1985 was a champagne year for Vitalograph, starting with a Design Council Award for the Emergency Aspirator presented by Prince Philip. 1985 also saw the creation of the holding company Vitalograph Medical Instrumentation Ltd in Ireland and the opening of the new factory in Ennis. More awards followed in 1986, this time for the COMPACT which won both a Design Council Award and a gold medal for design from the Leipzig Messe.

1986 also heralded the launch of the first ALPHA spirometer– a low-cost desktop spirometer designed to complement the successful COMPACT and compete on price with the low-cost Japanese spirometers.

The nineties brought more success with the launch of several new products including the Peak Flow Whistle, the Escort, the 2120,the TUT (a new bespoke inhaler trainer device) and the micro and PEF/FEV Diary.The purpose of the Diary was to give Vitalograph an entry into electronic diaries for clinical trials and was hugely successful, tens of thousands being used in clinical trials during the next decade.

Booming spirometer sales led to the further expansion of the Ennis factory in 2001. 2002 saw the launch of the Pneumotrac, one of Vitalograph’s most successful products followed in the latter part of the year with the news that Vitalograph had won a contract became the main contractor in a major respiratory clinical trial on a new respiratory medicine with centralised electronic data capture. This included a sophisticated QA over-read system. At this time most clinical trials were still paper based, being fully electronic was unusual and perceived by company management as a major strategic advantage for Vitalograph.

In 2003 the first multi-centre ‘centralised spirometry’ clinical trial for Vitalograph began with the data management outsourced to Varigon, the best and most experienced service provider in this emerging sector of secure medical data in Europe.

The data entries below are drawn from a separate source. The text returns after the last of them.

(* Let $\approx$ be an equivalence relation on $\mathbb W$. Then $\approx$ satisfies (AP) if and only if it satisfies both (SP) and (DP), where: (AP) for all $A,B\in\mathbb W$: $A\approx B$ iff $A\setminus B\approx B\setminus A$; (SP) for all $A,A',B,B'\in\mathbb W$ with $A\cap B=\emptyset$ and $A'\cap B'=\emptyset$: if $A\approx A'$ and $B\approx B'$ then $A\cup B\approx A'\cup B'$; (DP) for all $A,A',C,C'\in\mathbb W$ with $A\subseteq C$ and $A'\subseteq C'$: if $A\approx A'$ and $C\approx C'$ then $C\setminus A\approx C'\setminus A'$.
   Context: Let $\mathbb N=\{0,1,2,\dots\}$. $\mathbb{W}$ is the family of finitary point sets: sets $A\subseteq\bigcup_{k\ge1}\mathbb N^k$ of finite tuples of natural numbers such that for every $n\in\mathbb N$ there is $h$ with $A\cap\{0,\dots,n\}^k=\emptyset$ for all $k>h$. *)

theory Defs
  imports Main
begin

text \<open>Finite tuples of naturals of length \<ge> 1 are represented as nonempty lists.
  A tuple xs lies in {0..n}^k iff length xs = k and all entries are \<le> n.\<close>

definition finitary :: "nat list set \<Rightarrow> bool" where
  "finitary A \<longleftrightarrow> (\<forall>xs\<in>A. xs \<noteq> []) \<and>
     (\<forall>n::nat. \<exists>h::nat. \<forall>k>h. \<forall>xs\<in>A. \<not> (length xs = k \<and> (\<forall>x\<in>set xs. x \<le> n)))"

definition WW :: "nat list set set" where
  "WW = {A. finitary A}"

definition AP :: "(nat list set \<times> nat list set) set \<Rightarrow> bool" where
  "AP r \<longleftrightarrow> (\<forall>A\<in>WW. \<forall>B\<in>WW. (A, B) \<in> r \<longleftrightarrow> (A - B, B - A) \<in> r)"

definition SP :: "(nat list set \<times> nat list set) set \<Rightarrow> bool" where
  "SP r \<longleftrightarrow> (\<forall>A\<in>WW. \<forall>A'\<in>WW. \<forall>B\<in>WW. \<forall>B'\<in>WW.
     A \<inter> B = {} \<longrightarrow> A' \<inter> B' = {} \<longrightarrow> (A, A') \<in> r \<longrightarrow> (B, B') \<in> r \<longrightarrow>
     (A \<union> B, A' \<union> B') \<in> r)"

definition DP :: "(nat list set \<times> nat list set) set \<Rightarrow> bool" where
  "DP r \<longleftrightarrow> (\<forall>A\<in>WW. \<forall>A'\<in>WW. \<forall>C\<in>WW. \<forall>C'\<in>WW.
     A \<subseteq> C \<longrightarrow> A' \<subseteq> C' \<longrightarrow> (A, A') \<in> r \<longrightarrow> (C, C') \<in> r \<longrightarrow>
     (C - A, C' - A') \<in> r)"

end

theory Submission
  imports Defs
begin

text \<open>Under (AP) the class of a pair \<open>(X, Y)\<close> depends only on the difference pair
  \<open>(X - Y, Y - X)\<close>. For (SP) and (DP) one therefore builds three sets whose pairwise
  differences are those of the two given related pairs and of the pair to be related,
  and chains them by transitivity. Conversely, (DP) and (SP) applied with the
  reflexive pair \<open>(A \<inter> B, A \<inter> B)\<close> remove, respectively add back, the common part of
  \<open>A\<close> and \<open>B\<close>.\<close>

lemma finitary_subset: "finitary A \<Longrightarrow> B \<subseteq> A \<Longrightarrow> finitary B"
  unfolding finitary_def by (meson subsetD)

lemma finitary_Un:
  assumes "finitary A" "finitary B"
  shows "finitary (A \<union> B)"
  unfolding finitary_def
proof (intro conjI allI)
  fix n :: nat
  obtain hA where "\<forall>k>hA. \<forall>xs\<in>A. \<not> (length xs = k \<and> (\<forall>x\<in>set xs. x \<le> n))"
    using assms(1) unfolding finitary_def by blast
  moreover obtain hB where "\<forall>k>hB. \<forall>xs\<in>B. \<not> (length xs = k \<and> (\<forall>x\<in>set xs. x \<le> n))"
    using assms(2) unfolding finitary_def by blast
  ultimately show "\<exists>h. \<forall>k>h. \<forall>xs\<in>A \<union> B. \<not> (length xs = k \<and> (\<forall>x\<in>set xs. x \<le> n))"
    by (intro exI[of _ "max hA hB"]) auto
next
  show "\<forall>xs\<in>A \<union> B. xs \<noteq> []"
    using assms unfolding finitary_def by blast
qed

lemma WW_subset: "A \<in> WW \<Longrightarrow> B \<subseteq> A \<Longrightarrow> B \<in> WW"
  unfolding WW_def using finitary_subset by blast

lemma WW_Un: "A \<in> WW \<Longrightarrow> B \<in> WW \<Longrightarrow> A \<union> B \<in> WW"
  unfolding WW_def using finitary_Un by blast

lemma AP_transfer:
  assumes "AP r" "X \<in> WW" "Y \<in> WW" "X' \<in> WW" "Y' \<in> WW" "(X, Y) \<in> r"
    and "X' - Y' = X - Y" "Y' - X' = Y - X"
  shows "(X', Y') \<in> r"
  using assms unfolding AP_def by metis

lemma AP_imp_SP:
  assumes ap: "AP r" and "trans r"
  shows "SP r"
  unfolding SP_def
proof (intro ballI impI)
  fix A A' B B'
  assume W: "A \<in> WW" "A' \<in> WW" "B \<in> WW" "B' \<in> WW"
    and disj: "A \<inter> B = {}" "A' \<inter> B' = {}" and rA: "(A, A') \<in> r" and rB: "(B, B') \<in> r"
  have small: "S \<subseteq> A \<union> A' \<union> B \<union> B' \<Longrightarrow> S \<in> WW" for S
    by (rule WW_subset[OF WW_Un[OF WW_Un[OF WW_Un[OF W(1,2)] W(3)] W(4)]])
  define X1 where "X1 = (A \<inter> B') \<union> (A - A' - B') \<union> (B - A' - B')"
  define X2 where "X2 = (B \<inter> A') \<union> (B - A' - B') \<union> (A' - A - B)"
  define X3 where "X3 = (A \<inter> B') \<union> (B' - A - B) \<union> (A' - A - B)"
  have W': "X1 \<in> WW" "X2 \<in> WW" "X3 \<in> WW" "A \<union> B \<in> WW" "A' \<union> B' \<in> WW"
    unfolding X1_def X2_def X3_def by (rule small, blast)+
  have "(X1, X2) \<in> r"
    by (rule AP_transfer[OF ap W(1,2) W'(1,2) rA]; unfold X1_def X2_def; use disj in blast)
  moreover have "(X2, X3) \<in> r"
    by (rule AP_transfer[OF ap W(3,4) W'(2,3) rB]; unfold X2_def X3_def; use disj in blast)
  ultimately have "(X1, X3) \<in> r"
    using \<open>trans r\<close> by (meson transD)
  then show "(A \<union> B, A' \<union> B') \<in> r"
    by (rule AP_transfer[OF ap W'(1,3,4,5)]; unfold X1_def X3_def; use disj in blast)
qed

lemma AP_imp_DP:
  assumes ap: "AP r" and "sym r" "trans r"
  shows "DP r"
  unfolding DP_def
proof (intro ballI impI)
  fix A A' C C'
  assume W: "A \<in> WW" "A' \<in> WW" "C \<in> WW" "C' \<in> WW"
    and sub: "A \<subseteq> C" "A' \<subseteq> C'" and rA: "(A, A') \<in> r" and rC: "(C, C') \<in> r"
  have small: "S \<subseteq> A \<union> A' \<union> C \<union> C' \<Longrightarrow> S \<in> WW" for S
    by (rule WW_subset[OF WW_Un[OF WW_Un[OF WW_Un[OF W(1,2)] W(3)] W(4)]])
  define X1 where "X1 = (C - A - C') \<union> (A - C') \<union> (A \<inter> C' - A')"
  define X2 where "X2 = (C' - A' - C) \<union> (A' - C) \<union> (A \<inter> C' - A')"
  define X3 where "X3 = (C - A - C') \<union> (A' - C) \<union> (A' \<inter> C - A)"
  have W': "X1 \<in> WW" "X2 \<in> WW" "X3 \<in> WW" "C - A \<in> WW" "C' - A' \<in> WW"
    unfolding X1_def X2_def X3_def by (rule small, blast)+
  have "(X1, X2) \<in> r"
    by (rule AP_transfer[OF ap W(3,4) W'(1,2) rC]; unfold X1_def X2_def; use sub in blast)
  moreover have "(X1, X3) \<in> r"
    by (rule AP_transfer[OF ap W(1,2) W'(1,3) rA]; unfold X1_def X3_def; use sub in blast)
  ultimately have "(X3, X2) \<in> r"
    using \<open>sym r\<close> \<open>trans r\<close> by (meson symD transD)
  then show "(C - A, C' - A') \<in> r"
    by (rule AP_transfer[OF ap W'(3,2,4,5)]; unfold X2_def X3_def; use sub in blast)
qed

lemma SPD:
  assumes "SP r" "A \<in> WW" "A' \<in> WW" "B \<in> WW" "B' \<in> WW"
    and "A \<inter> B = {}" "A' \<inter> B' = {}" "(A, A') \<in> r" "(B, B') \<in> r"
  shows "(A \<union> B, A' \<union> B') \<in> r"
  using assms unfolding SP_def by blast

lemma DPD:
  assumes "DP r" "A \<in> WW" "A' \<in> WW" "C \<in> WW" "C' \<in> WW"
    and "A \<subseteq> C" "A' \<subseteq> C'" "(A, A') \<in> r" "(C, C') \<in> r"
  shows "(C - A, C' - A') \<in> r"
  using assms unfolding DP_def by blast

lemma SP_DP_imp_AP:
  assumes refl: "refl_on WW r" and sp: "SP r" and dp: "DP r"
  shows "AP r"
  unfolding AP_def
proof (intro ballI)
  fix A B assume W: "A \<in> WW" "B \<in> WW"
  have I: "A \<inter> B \<in> WW" "A - B \<in> WW" "B - A \<in> WW"
    using W by (auto intro: WW_subset)
  have rI: "(A \<inter> B, A \<inter> B) \<in> r"
    using refl I(1) by (rule refl_onD)
  show "(A, B) \<in> r \<longleftrightarrow> (A - B, B - A) \<in> r"
  proof
    assume "(A, B) \<in> r"
    have "(A - A \<inter> B, B - A \<inter> B) \<in> r"
      by (rule DPD[OF dp I(1) I(1) W _ _ rI \<open>(A, B) \<in> r\<close>]) blast+
    moreover have "A - A \<inter> B = A - B" "B - A \<inter> B = B - A"
      by blast+
    ultimately show "(A - B, B - A) \<in> r"
      by simp
  next
    assume "(A - B, B - A) \<in> r"
    have "((A - B) \<union> (A \<inter> B), (B - A) \<union> (A \<inter> B)) \<in> r"
      by (rule SPD[OF sp I(2,3,1,1) _ _ \<open>(A - B, B - A) \<in> r\<close> rI]) blast+
    moreover have "(A - B) \<union> (A \<inter> B) = A" "(B - A) \<union> (A \<inter> B) = B"
      by blast+
    ultimately show "(A, B) \<in> r"
      by simp
  qed
qed

theorem proposition1p7:
  fixes r :: "(nat list set \<times> nat list set) set"
  assumes "equiv WW r"
  shows "AP r \<longleftrightarrow> SP r \<and> DP r"
proof -
  have "refl_on WW r" "sym r" "trans r"
    using assms unfolding equiv_def by auto
  then show ?thesis
    using AP_imp_SP AP_imp_DP SP_DP_imp_AP by blast
qed

end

In 2007 Vitalograph expanded into a new purpose built facility in Buckingham designed to accommodate the growing business.The 4000 series of respiratory monitors and screeners was launched this year and won a Design Award in 2008. The 4000 series was expanded to include the highly successful Bluetooth versions in 2009.

Vitalograph’s heritage of innovation continues unabated with the recent launches of the ALPHA Touch Spirometer and the pioneering new COMPACT Medical Workstation which can provide any or all of the following: Spirometry; ECG; BP; SpO2; and several other physiological measurements.

Respiratory care has come a long way since the days when asthma was treated with owl’s blood mixed with wine. For the last half century Vitalograph has been at the vanguard of innovation and service, committed to empowering physicians and protecting quality of life.